I mean, I suppose I really need to make an effort to put myself in my sister’s shoes, but I find it so impossible because I see how completely wrong what she’s doing is. It will never work, its a waste of energy, and it hurts the people who care about her most, more than anything. I cannot, in good health, support her actions by any means, and as far as I’m concerned, talking to her and sympathizing with her is a form of support. By not talking to her I feel like I’m helping to get her to her lowest point (because clearly her lowest point is where she needs to be before she’s willing to change) where she realizes that her life needs to change.

Again, I repeat, I understand that by no means am I a fully matured, correct-100%-of-the-time, adult (and I am not so naive to think that such a creature exists) but I do stand by my decisions and actions. Until such a time that I deem them ineffective (and I do think that time is fast approaching) and incorrect, I do not see myself changing. That said, (and I know this will sound bad) I see myself as the person who is more aware of what is occurring, and who is more inclined to change. But then of course, maybe I’m really not that ready to change. I have spent my whole life trying to avoid conflict, because it was something so easily available without provocation in my childhood, and now that I’m “strong” enough to stand up for myself, I’ve noticed I’m much less likely to change myself for others. My other problem is, I genuinely do not need the company of others to be happy. I cannot express the joy I get from sitting alone and experiencing the little things in life. Watching the sun rise above the shrubs that block the horizon, while enjoying a cup of tea and a muffin in the morning. Hearing the hum of the bees as they flit to and fro. Watching three hummingbirds chase each other about while I garden. Watching a butterfly flutter clumsily through the yard while I play fetch with my dogs. These are some of the happiest moments in my life, and they are experienced and enjoyed in complete solitude. I am solitary by nature. This is, I realize, a disadvantage when it comes to sympathizing and allowing people (back) into your life. Why should I make an effort to allow a person in my life who has betrayed me and squashed my hopes and chosen a flashy lifestyle over my family’s own existence?

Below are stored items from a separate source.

text \<open>If S is not a wall index, then g = 0 and at most one leg lies outside S', whose b-weight
  is thus below 1 while the total b-weight exceeds 2.\<close>
lemma leg_weight_gt_one_transfer:
  fixes a b :: "nat \<Rightarrow> real"
  assumes S: "S \<subseteq> {1..n}" and S': "S' \<subseteq> {1..n}" and card: "card S' = card S"
    and a: "\<forall>i\<in>S. a i \<le> 1" and b: "\<forall>i\<in>{1..n}. 0 < b i \<and> b i \<le> 1"
    and bsum: "2 * real g - 2 + (\<Sum>i\<in>{1..n}. b i) > 0"
    and wall: "wall_index g n S \<Longrightarrow> 1 < (\<Sum>i\<in>S. a i) \<Longrightarrow> 1 < (\<Sum>i\<in>S'. b i)"
    and gt: "1 < (\<Sum>i\<in>S. a i)"
  shows "1 < (\<Sum>i\<in>S'. b i)"
proof (cases "1 \<le> g \<or> card S + 2 \<le> n")
  case True
  have "(\<Sum>i\<in>S. a i) \<le> real (card S)"
    using sum_bounded_above[of S a 1] a by auto
  then have "2 \<le> card S"
    using gt by linarith
  then show ?thesis
    using True wall gt S card_mono[OF _ S] unfolding wall_index_def by auto
next
  case False
  have "(\<Sum>i\<in>{1..n}. b i) = (\<Sum>i\<in>S'. b i) + (\<Sum>i\<in>{1..n} - S'. b i)"
    using sum.subset_diff[OF S'] by (simp add: add.commute)
  moreover have "(\<Sum>i\<in>{1..n} - S'. b i) \<le> real (card ({1..n} - S'))"
    using sum_bounded_above[of "{1..n} - S'" b 1] b by auto
  moreover have "card ({1..n} - S') = n - card S'"
    using card_Diff_subset[OF finite_subset[OF S'] S'] by simp
  ultimately show ?thesis
    using False bsum card by linarith
qed

lemma vertex_stability_transfer:
  fixes w val :: nat and a b :: "nat \<Rightarrow> real"
  assumes S: "S \<subseteq> {1..n}" and S': "S' \<subseteq> {1..n}" and card: "card S' = card S"
    and a: "\<forall>i\<in>S. a i \<le> 1" and b: "\<forall>i\<in>{1..n}. 0 < b i \<and> b i \<le> 1"
    and bsum: "2 * real g - 2 + (\<Sum>i\<in>{1..n}. b i) > 0"
    and wall: "wall_index g n S \<Longrightarrow> 1 < (\<Sum>i\<in>S. a i) \<Longrightarrow> 1 < (\<Sum>i\<in>S'. b i)"
    and isolated: "w = 0 \<Longrightarrow> val = 0 \<Longrightarrow> 2 < (\<Sum>i\<in>S'. b i)"
    and stable: "0 < 2 * real w - 2 + real val + (\<Sum>i\<in>S. a i)"
  shows "0 < 2 * real w - 2 + real val + (\<Sum>i\<in>S'. b i)"
proof -
  have finite: "finite S" "finite S'"
    using S S' finite_subset by auto
  have b_nonneg: "0 \<le> (\<Sum>i\<in>S'. b i)"
    using b S' by (intro sum_nonneg) (fastforce intro: less_imp_le)
  consider "3 \<le> 2 * w + val" | "2 * w + val = 2" | "w = 0" "val = 1" | "w = 0" "val = 0"
    by linarith
  then show ?thesis
  proof cases
    case 2
    then have "S \<noteq> {}"
      using stable by auto
    then have "S' \<noteq> {}"
      using card finite by auto
    then have "0 < (\<Sum>i\<in>S'. b i)"
      using b S' finite by (intro sum_pos) auto
    then show ?thesis
      using 2 by linarith
  next
    case 3
    then show ?thesis
      using leg_weight_gt_one_transfer[OF S S' card a b bsum wall] stable by simp
  qed (use isolated b_nonneg in auto)
qed

lemma relabelled_legs_eq_image:
  assumes \<sigma>: "\<sigma> permutes {1..n}" and \<tau>: "\<tau> permutes {1..n}"
  shows "{i\<in>{1..n}. legv G ((\<sigma> \<circ> inv \<tau>) i) = v} = (\<tau> \<circ> inv \<sigma>) ` {j\<in>{1..n}. legv G j = v}"
proof -
  have "{i\<in>{1..n}. legv G ((\<sigma> \<circ> inv \<tau>) i) = v} = {i\<in>{1..n}. (\<sigma> \<circ> inv \<tau>) i \<in> {j\<in>{1..n}. legv G j = v}}"
    using permutes_in_image[OF permutes_compose[OF permutes_inv[OF \<tau>] \<sigma>]] by blast
  also have "\<dots> = (\<tau> \<circ> inv \<sigma>) ` {j\<in>{1..n}. legv G j = v}"
    by (rule permutes_preimage_eq_image[OF \<sigma> \<tau>]) auto
  finally show ?thesis .
qed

I had to type all of this out, if only to again explain my feelings to the world, and even more in depth. Though, 95% of what I’ve written was said to my mother this evening. I don’t know that I took much away from what she said (as she mostly asked me questions that I have been asking myself from before the beginning of this debacle) but I do hope that what I said has proven to her that I am not so lost in my life as she may have once thought. I am not a person of action, but when I do act it is often drastic and often results in change. If only to sound…. whatever…. I am an Air Sign through and through, and adaptation and contemplation are some of my more notable attributes. I sit and think about things for days on end before I even consider acting. I am saying all of this, again, to show that I really did make an effort to think about what I was doing before I annexed my sister. Even if doing so may be the wrong thing to have done.

In other, much less exiting news. I spent most of last week working in my aunts yard and got several projects done in the three 7 hour days that I was there. I spent most of this week working out my summer schedule (I am not only taking one math course online) and preparing for my graduation party tomorrow. My aunt and I barked the lower level of my yard yesterday, and the entire yard was weeded more effectively than it’s ever been done before. As far as I’m concerned, my yard looks the best it’s ever been, school is easy but time consuming, I am happy with where I stand in life, and despite some major flaws in my family structure, I really am at peace with myself. I know my mother would hate that I have said that, but I really am much happier without the constant drain of my dad and my sister. I think I could never see my father again, and be more than happy without him. I would like my sister to amend her mistake, but I think that if she never figures out that my dad is a complete ass and that she’s wrong to stay with him then I will be none the worse without her in my life.